Data records:

=======

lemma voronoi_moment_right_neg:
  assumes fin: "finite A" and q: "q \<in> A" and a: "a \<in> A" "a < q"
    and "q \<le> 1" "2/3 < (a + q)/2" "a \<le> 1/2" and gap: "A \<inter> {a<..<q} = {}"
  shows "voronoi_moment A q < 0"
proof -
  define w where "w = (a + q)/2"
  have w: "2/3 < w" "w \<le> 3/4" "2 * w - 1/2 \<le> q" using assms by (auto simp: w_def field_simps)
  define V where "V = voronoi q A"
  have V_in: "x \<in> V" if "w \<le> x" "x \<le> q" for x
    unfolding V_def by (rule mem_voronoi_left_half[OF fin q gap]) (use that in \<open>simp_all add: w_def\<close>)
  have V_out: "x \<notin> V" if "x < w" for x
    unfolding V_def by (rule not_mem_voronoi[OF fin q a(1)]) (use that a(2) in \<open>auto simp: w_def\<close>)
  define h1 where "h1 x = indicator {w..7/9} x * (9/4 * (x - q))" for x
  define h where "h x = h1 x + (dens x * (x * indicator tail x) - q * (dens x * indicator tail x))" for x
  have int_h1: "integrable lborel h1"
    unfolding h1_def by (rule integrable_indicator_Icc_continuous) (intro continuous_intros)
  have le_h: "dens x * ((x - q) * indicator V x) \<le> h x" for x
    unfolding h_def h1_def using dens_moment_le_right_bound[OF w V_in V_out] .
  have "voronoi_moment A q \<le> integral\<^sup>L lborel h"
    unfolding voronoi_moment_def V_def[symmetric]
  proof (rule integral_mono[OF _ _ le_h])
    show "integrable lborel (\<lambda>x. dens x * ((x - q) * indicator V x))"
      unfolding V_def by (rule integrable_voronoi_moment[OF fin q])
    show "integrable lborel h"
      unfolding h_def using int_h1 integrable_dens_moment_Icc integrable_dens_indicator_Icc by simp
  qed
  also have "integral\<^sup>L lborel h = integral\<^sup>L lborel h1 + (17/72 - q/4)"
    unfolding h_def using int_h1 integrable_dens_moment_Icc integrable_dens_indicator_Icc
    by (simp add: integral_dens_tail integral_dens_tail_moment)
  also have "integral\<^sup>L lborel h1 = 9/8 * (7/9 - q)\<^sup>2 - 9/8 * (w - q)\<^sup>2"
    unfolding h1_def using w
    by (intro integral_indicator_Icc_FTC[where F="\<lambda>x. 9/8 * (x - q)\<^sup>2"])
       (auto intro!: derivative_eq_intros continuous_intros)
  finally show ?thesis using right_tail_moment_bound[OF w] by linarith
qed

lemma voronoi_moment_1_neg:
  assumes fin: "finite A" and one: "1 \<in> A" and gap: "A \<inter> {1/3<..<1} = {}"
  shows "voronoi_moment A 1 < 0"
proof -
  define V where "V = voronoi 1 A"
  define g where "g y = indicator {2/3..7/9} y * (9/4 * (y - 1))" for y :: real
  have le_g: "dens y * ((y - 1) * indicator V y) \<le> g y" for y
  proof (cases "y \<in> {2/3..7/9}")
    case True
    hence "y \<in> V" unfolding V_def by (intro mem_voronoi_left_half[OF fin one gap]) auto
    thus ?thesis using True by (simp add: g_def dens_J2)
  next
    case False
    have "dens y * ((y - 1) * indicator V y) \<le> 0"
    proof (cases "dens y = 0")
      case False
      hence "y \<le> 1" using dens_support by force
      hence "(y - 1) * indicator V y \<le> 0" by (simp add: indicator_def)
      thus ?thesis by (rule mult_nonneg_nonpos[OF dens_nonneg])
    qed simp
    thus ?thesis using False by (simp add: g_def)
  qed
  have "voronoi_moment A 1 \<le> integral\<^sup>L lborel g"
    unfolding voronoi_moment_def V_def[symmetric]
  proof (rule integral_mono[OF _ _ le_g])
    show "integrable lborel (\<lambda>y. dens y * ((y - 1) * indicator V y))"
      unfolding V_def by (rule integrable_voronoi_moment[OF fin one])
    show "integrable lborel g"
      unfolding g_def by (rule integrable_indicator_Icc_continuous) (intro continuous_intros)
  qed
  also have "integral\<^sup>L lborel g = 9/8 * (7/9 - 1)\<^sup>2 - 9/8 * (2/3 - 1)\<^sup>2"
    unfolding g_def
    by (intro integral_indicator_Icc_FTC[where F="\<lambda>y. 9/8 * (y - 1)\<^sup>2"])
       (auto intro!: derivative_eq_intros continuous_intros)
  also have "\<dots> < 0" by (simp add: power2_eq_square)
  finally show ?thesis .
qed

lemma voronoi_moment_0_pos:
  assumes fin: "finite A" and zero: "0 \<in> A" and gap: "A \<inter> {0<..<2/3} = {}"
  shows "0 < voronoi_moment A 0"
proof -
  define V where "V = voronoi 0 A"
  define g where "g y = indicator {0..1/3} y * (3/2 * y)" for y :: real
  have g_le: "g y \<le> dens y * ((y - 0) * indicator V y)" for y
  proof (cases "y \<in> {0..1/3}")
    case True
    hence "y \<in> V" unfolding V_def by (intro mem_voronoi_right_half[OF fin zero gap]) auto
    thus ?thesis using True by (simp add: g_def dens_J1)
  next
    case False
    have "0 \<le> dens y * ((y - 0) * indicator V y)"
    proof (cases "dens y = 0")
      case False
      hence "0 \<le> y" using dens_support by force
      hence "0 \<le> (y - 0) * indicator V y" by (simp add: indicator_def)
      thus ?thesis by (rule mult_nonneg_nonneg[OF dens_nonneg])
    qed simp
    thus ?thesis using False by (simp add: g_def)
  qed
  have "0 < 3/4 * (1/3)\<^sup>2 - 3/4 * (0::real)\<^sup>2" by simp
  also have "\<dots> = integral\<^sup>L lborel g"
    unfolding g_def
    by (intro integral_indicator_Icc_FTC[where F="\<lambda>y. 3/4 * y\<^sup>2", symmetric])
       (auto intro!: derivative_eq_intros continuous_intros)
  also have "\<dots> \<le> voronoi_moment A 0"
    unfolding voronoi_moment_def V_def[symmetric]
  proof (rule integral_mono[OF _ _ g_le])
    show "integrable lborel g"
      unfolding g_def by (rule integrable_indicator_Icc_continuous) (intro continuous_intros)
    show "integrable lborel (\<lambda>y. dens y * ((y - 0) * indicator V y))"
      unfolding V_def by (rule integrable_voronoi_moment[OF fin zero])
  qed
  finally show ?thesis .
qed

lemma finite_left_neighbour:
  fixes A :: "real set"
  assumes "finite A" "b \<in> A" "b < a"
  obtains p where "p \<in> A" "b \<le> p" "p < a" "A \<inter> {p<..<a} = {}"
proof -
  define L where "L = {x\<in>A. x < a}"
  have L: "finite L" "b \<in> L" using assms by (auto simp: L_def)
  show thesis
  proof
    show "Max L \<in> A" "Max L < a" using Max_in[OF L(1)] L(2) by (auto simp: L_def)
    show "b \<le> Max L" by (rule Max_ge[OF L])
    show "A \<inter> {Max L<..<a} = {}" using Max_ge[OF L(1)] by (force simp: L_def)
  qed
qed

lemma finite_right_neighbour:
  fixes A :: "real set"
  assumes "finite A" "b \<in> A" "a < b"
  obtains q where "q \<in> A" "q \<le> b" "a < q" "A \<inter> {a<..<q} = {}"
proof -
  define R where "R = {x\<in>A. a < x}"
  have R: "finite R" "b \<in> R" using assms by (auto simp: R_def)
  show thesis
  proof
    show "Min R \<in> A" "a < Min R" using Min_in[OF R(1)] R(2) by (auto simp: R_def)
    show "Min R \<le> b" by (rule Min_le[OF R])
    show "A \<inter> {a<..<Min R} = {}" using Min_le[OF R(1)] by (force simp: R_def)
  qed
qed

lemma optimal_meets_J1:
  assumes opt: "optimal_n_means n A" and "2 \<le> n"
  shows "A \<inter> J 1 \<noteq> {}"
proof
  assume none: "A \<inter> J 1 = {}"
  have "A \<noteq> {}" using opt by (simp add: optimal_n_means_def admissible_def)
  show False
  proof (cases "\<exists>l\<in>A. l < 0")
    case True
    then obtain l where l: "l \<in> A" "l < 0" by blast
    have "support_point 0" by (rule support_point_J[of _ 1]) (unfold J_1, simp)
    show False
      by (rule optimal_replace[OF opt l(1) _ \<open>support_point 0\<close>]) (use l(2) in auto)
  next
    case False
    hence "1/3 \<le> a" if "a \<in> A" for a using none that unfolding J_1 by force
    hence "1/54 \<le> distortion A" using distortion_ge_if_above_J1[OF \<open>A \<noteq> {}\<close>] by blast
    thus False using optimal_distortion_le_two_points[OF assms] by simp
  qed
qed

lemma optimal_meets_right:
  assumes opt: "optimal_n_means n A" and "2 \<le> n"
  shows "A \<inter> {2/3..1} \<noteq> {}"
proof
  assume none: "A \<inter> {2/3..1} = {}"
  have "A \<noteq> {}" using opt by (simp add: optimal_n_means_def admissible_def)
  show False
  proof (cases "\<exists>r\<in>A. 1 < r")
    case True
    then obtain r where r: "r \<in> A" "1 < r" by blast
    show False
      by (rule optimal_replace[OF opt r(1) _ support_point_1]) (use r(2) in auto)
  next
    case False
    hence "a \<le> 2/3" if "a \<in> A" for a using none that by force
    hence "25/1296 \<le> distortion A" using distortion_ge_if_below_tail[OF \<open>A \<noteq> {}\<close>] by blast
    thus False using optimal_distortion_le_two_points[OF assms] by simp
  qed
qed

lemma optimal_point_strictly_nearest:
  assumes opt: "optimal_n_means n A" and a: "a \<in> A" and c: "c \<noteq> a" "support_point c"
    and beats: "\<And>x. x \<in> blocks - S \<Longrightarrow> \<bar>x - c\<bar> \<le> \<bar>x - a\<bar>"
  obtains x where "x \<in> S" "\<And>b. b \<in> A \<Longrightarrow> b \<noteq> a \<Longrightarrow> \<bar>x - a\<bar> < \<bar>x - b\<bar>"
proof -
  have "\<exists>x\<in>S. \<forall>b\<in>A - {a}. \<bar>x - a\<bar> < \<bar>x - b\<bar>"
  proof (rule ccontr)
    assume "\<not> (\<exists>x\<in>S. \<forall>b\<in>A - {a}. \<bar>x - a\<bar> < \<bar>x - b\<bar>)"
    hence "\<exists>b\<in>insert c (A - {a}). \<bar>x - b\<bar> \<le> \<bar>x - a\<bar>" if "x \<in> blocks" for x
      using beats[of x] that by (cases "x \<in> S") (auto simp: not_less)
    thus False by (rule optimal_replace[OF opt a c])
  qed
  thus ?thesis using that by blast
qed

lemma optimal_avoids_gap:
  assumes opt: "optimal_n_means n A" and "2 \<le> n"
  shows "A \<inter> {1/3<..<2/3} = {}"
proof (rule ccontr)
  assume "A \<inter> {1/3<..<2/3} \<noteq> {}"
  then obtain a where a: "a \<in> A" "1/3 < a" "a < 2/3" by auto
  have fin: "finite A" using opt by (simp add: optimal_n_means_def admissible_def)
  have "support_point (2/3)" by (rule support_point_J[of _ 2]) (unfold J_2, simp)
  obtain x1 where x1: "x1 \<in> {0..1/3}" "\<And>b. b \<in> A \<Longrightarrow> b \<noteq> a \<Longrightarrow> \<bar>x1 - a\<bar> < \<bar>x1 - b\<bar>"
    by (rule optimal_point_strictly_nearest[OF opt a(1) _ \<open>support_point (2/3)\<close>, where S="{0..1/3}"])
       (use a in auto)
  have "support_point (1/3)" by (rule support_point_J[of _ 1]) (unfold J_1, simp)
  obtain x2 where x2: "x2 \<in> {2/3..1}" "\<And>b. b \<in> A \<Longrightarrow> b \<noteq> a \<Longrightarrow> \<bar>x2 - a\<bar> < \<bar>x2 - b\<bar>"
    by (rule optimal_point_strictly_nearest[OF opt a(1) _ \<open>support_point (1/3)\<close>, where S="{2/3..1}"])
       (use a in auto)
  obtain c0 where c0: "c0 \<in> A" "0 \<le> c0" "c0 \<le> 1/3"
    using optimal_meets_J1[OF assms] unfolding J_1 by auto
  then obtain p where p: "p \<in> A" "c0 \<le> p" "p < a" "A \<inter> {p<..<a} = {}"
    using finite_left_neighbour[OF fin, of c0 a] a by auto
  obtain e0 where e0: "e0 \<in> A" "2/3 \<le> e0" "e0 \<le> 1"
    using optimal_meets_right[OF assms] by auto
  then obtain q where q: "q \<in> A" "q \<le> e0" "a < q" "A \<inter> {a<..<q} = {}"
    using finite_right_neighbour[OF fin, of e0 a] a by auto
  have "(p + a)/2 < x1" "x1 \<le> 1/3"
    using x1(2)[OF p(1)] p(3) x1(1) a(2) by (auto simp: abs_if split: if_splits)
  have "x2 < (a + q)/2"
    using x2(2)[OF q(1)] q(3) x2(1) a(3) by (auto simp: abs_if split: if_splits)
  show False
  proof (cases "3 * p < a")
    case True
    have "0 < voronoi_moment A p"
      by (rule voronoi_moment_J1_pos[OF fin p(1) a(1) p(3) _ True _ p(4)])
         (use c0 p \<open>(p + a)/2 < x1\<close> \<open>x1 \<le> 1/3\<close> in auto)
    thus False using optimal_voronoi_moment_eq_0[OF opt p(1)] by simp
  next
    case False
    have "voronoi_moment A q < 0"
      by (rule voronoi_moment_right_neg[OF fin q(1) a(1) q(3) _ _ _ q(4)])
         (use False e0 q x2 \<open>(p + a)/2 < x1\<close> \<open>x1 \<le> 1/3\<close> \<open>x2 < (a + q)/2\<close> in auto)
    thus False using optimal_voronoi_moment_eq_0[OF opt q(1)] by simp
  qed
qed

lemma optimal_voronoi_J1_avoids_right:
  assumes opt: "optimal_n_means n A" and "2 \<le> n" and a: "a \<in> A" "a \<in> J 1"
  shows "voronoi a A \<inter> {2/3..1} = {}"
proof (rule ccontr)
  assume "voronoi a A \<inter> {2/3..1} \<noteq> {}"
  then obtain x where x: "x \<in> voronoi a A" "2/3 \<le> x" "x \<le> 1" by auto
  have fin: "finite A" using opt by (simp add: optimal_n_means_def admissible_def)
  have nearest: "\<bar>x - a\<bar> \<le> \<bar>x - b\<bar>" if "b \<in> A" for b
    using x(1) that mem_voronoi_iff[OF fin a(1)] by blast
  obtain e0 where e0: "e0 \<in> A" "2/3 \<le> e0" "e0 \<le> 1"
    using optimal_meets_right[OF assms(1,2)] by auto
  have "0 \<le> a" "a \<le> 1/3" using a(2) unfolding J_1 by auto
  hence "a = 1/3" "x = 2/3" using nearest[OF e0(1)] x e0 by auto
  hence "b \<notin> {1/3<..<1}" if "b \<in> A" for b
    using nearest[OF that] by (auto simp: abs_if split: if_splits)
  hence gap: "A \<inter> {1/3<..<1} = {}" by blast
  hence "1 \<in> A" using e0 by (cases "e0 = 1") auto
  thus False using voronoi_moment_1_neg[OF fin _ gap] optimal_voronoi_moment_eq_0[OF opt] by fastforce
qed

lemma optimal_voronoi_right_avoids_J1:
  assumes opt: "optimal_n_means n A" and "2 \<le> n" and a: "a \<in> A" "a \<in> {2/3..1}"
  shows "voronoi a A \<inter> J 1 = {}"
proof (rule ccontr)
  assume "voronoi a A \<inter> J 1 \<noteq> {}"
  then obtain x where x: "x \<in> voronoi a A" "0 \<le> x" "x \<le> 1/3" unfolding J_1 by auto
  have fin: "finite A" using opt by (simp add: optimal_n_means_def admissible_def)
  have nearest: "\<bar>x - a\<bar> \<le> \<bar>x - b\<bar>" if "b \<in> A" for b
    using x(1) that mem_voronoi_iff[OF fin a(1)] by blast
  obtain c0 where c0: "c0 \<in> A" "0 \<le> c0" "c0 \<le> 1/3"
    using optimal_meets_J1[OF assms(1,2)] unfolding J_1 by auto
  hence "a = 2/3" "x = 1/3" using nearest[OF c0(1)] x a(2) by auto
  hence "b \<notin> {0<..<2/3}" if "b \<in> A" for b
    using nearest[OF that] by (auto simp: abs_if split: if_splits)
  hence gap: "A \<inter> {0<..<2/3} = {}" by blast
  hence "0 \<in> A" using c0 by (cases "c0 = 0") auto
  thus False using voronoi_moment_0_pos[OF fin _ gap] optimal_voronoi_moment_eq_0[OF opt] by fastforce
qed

=======

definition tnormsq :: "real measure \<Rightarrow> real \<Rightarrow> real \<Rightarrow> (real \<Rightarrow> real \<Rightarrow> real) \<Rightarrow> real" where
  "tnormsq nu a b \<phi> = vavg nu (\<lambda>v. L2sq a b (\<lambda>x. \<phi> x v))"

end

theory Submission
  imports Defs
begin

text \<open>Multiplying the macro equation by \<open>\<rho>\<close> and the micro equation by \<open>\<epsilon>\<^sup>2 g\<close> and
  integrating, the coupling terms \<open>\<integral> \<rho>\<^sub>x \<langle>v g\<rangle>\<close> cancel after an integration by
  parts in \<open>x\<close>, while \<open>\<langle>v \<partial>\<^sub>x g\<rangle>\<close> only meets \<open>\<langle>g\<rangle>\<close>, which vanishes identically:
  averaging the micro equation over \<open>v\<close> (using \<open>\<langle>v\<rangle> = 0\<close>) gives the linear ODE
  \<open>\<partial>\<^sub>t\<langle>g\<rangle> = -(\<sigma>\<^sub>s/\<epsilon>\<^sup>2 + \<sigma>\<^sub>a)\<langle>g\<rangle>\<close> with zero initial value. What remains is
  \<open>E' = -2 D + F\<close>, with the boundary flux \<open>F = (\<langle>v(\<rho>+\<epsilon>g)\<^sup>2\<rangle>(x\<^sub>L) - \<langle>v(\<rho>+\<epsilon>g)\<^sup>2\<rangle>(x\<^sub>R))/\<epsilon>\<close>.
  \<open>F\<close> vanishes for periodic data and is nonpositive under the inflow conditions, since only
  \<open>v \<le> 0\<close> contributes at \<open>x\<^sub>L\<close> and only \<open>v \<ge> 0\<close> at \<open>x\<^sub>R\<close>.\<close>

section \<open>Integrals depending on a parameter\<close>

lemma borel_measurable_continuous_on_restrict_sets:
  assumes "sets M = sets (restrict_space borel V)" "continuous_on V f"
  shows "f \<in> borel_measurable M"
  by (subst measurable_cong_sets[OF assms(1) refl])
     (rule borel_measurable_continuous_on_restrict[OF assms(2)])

=======

What you should do:
What is needed is a verbatim copy of every line in the records above from the one containing "sets (restrict_space borel" down to the one containing "(rule borel_measurable_continuous_on_restrict[OF assms(2)])", both included, and nothing more.

Written answer:
  assumes "sets M = sets (restrict_space borel V)" "continuous_on V f"
  shows "f \<in> borel_measurable M"
  by (subst measurable_cong_sets[OF assms(1) refl])
     (rule borel_measurable_continuous_on_restrict[OF assms(2)])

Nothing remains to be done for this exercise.